_YOUR INSTRUCTIONS_. The lines from the start of the records through the one containing "using csubspace_smul[of x" are to be transcribed exactly, and nothing else.
======== DATA LISTING ========
lemma cspan_minimal: "csubspace S \<Longrightarrow> B \<subseteq> S \<Longrightarrow> cspan B \<subseteq> S"
  unfolding cspan_def by auto

context
  fixes S :: "('a \<Rightarrow>\<^sub>0 complex) set"
  assumes S: "csubspace S"
begin

lemma csubspace_0: "0 \<in> S"
  and csubspace_add: "x \<in> S \<Longrightarrow> y \<in> S \<Longrightarrow> x + y \<in> S"
  and csubspace_smul: "x \<in> S \<Longrightarrow> smul c x \<in> S"
  using S by (simp_all add: csubspace_def)

lemma csubspace_minus: "x \<in> S \<Longrightarrow> - x \<in> S"
  using csubspace_smul[of x "-1"] by (simp add: smul_minus_left)

lemma csubspace_diff: "x \<in> S \<Longrightarrow> y \<in> S \<Longrightarrow> x - y \<in> S"
  by (metis csubspace_add csubspace_minus diff_conv_add_uminus)

lemma csubspace_sum: "(\<And>a. a \<in> A \<Longrightarrow> f a \<in> S) \<Longrightarrow> sum f A \<in> S"
  by (induction A rule: infinite_finite_induct) (auto intro: csubspace_0 csubspace_add)

end

lemma csubspace_vimage:
  assumes "\<And>x y. L (x + y) = L x + L y" "\<And>c x. L (smul c x) = smul c (L x)" "csubspace S"
  shows "csubspace {x. L x \<in> S}"
proof -
  have "L 0 = 0" using assms(2)[of 0 0] by simp
  then show ?thesis using assms unfolding csubspace_def by auto
qed

lemma cspan_induct [consumes 1, case_names csubspace base]:
  assumes "x \<in> cspan B" "csubspace {x. P x}" "\<And>x. x \<in> B \<Longrightarrow> P x"
  shows "P x"
  using assms cspan_minimal[of "{x. P x}" B] by blast

definition linext ::
  "('a \<Rightarrow> ('b \<Rightarrow>\<^sub>0 complex)) \<Rightarrow> ('a \<Rightarrow>\<^sub>0 complex) \<Rightarrow> ('b \<Rightarrow>\<^sub>0 complex)" where
  "linext f p = (\<Sum>a\<in>keys p. smul (lookup p a) (f a))"

definition linform :: "('a \<Rightarrow> complex) \<Rightarrow> ('a \<Rightarrow>\<^sub>0 complex) \<Rightarrow> complex" where
  "linform l p = (\<Sum>a\<in>keys p. lookup p a * l a)"

lemma linext_superset:
  "finite S \<Longrightarrow> keys p \<subseteq> S \<Longrightarrow> linext f p = (\<Sum>a\<in>S. smul (lookup p a) (f a))"
  unfolding linext_def by (rule sum.mono_neutral_left) (auto simp: in_keys_iff)

lemma linform_superset:
  "finite S \<Longrightarrow> keys p \<subseteq> S \<Longrightarrow> linform l p = (\<Sum>a\<in>S. lookup p a * l a)"
  unfolding linform_def by (rule sum.mono_neutral_left) (auto simp: in_keys_iff)

lemma linext_add: "linext f (p + r) = linext f p + linext f r"
proof -
  let ?S = "keys p \<union> keys r"
  have "linext f (p + r) = (\<Sum>a\<in>?S. smul (lookup (p + r) a) (f a))"
    by (rule linext_superset) (auto simp: keys_add)
  also have "\<dots> = (\<Sum>a\<in>?S. smul (lookup p a) (f a)) + (\<Sum>a\<in>?S. smul (lookup r a) (f a))"
    by (simp add: lookup_add smul_add_left sum.distrib)
  also have "\<dots> = linext f p + linext f r"
    by (simp add: linext_superset[symmetric])
  finally show ?thesis .
qed

lemma linform_add: "linform l (p + r) = linform l p + linform l r"
proof -
  let ?S = "keys p \<union> keys r"
  have "linform l (p + r) = (\<Sum>a\<in>?S. lookup (p + r) a * l a)"
    by (rule linform_superset) (auto simp: keys_add)
  also have "\<dots> = (\<Sum>a\<in>?S. lookup p a * l a) + (\<Sum>a\<in>?S. lookup r a * l a)"
    by (simp add: lookup_add algebra_simps sum.distrib)
  also have "\<dots> = linform l p + linform l r"
    by (simp add: linform_superset[symmetric])
  finally show ?thesis .
qed

lemma linext_zero [simp]: "linext f 0 = 0"
  by (simp add: linext_def)

lemma linext_single [simp]: "linext f (single a c) = smul c (f a)"
  by (cases "c = 0") (auto simp: linext_def)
========
_ANSWER BOX_.
lemma cspan_minimal: "csubspace S \<Longrightarrow> B \<subseteq> S \<Longrightarrow> cspan B \<subseteq> S"
  unfolding cspan_def by auto

context
  fixes S :: "('a \<Rightarrow>\<^sub>0 complex) set"
  assumes S: "csubspace S"
begin

lemma csubspace_0: "0 \<in> S"
  and csubspace_add: "x \<in> S \<Longrightarrow> y \<in> S \<Longrightarrow> x + y \<in> S"
  and csubspace_smul: "x \<in> S \<Longrightarrow> smul c x \<in> S"
  using S by (simp_all add: csubspace_def)

lemma csubspace_minus: "x \<in> S \<Longrightarrow> - x \<in> S"
  using csubspace_smul[of x "-1"] by (simp add: smul_minus_left)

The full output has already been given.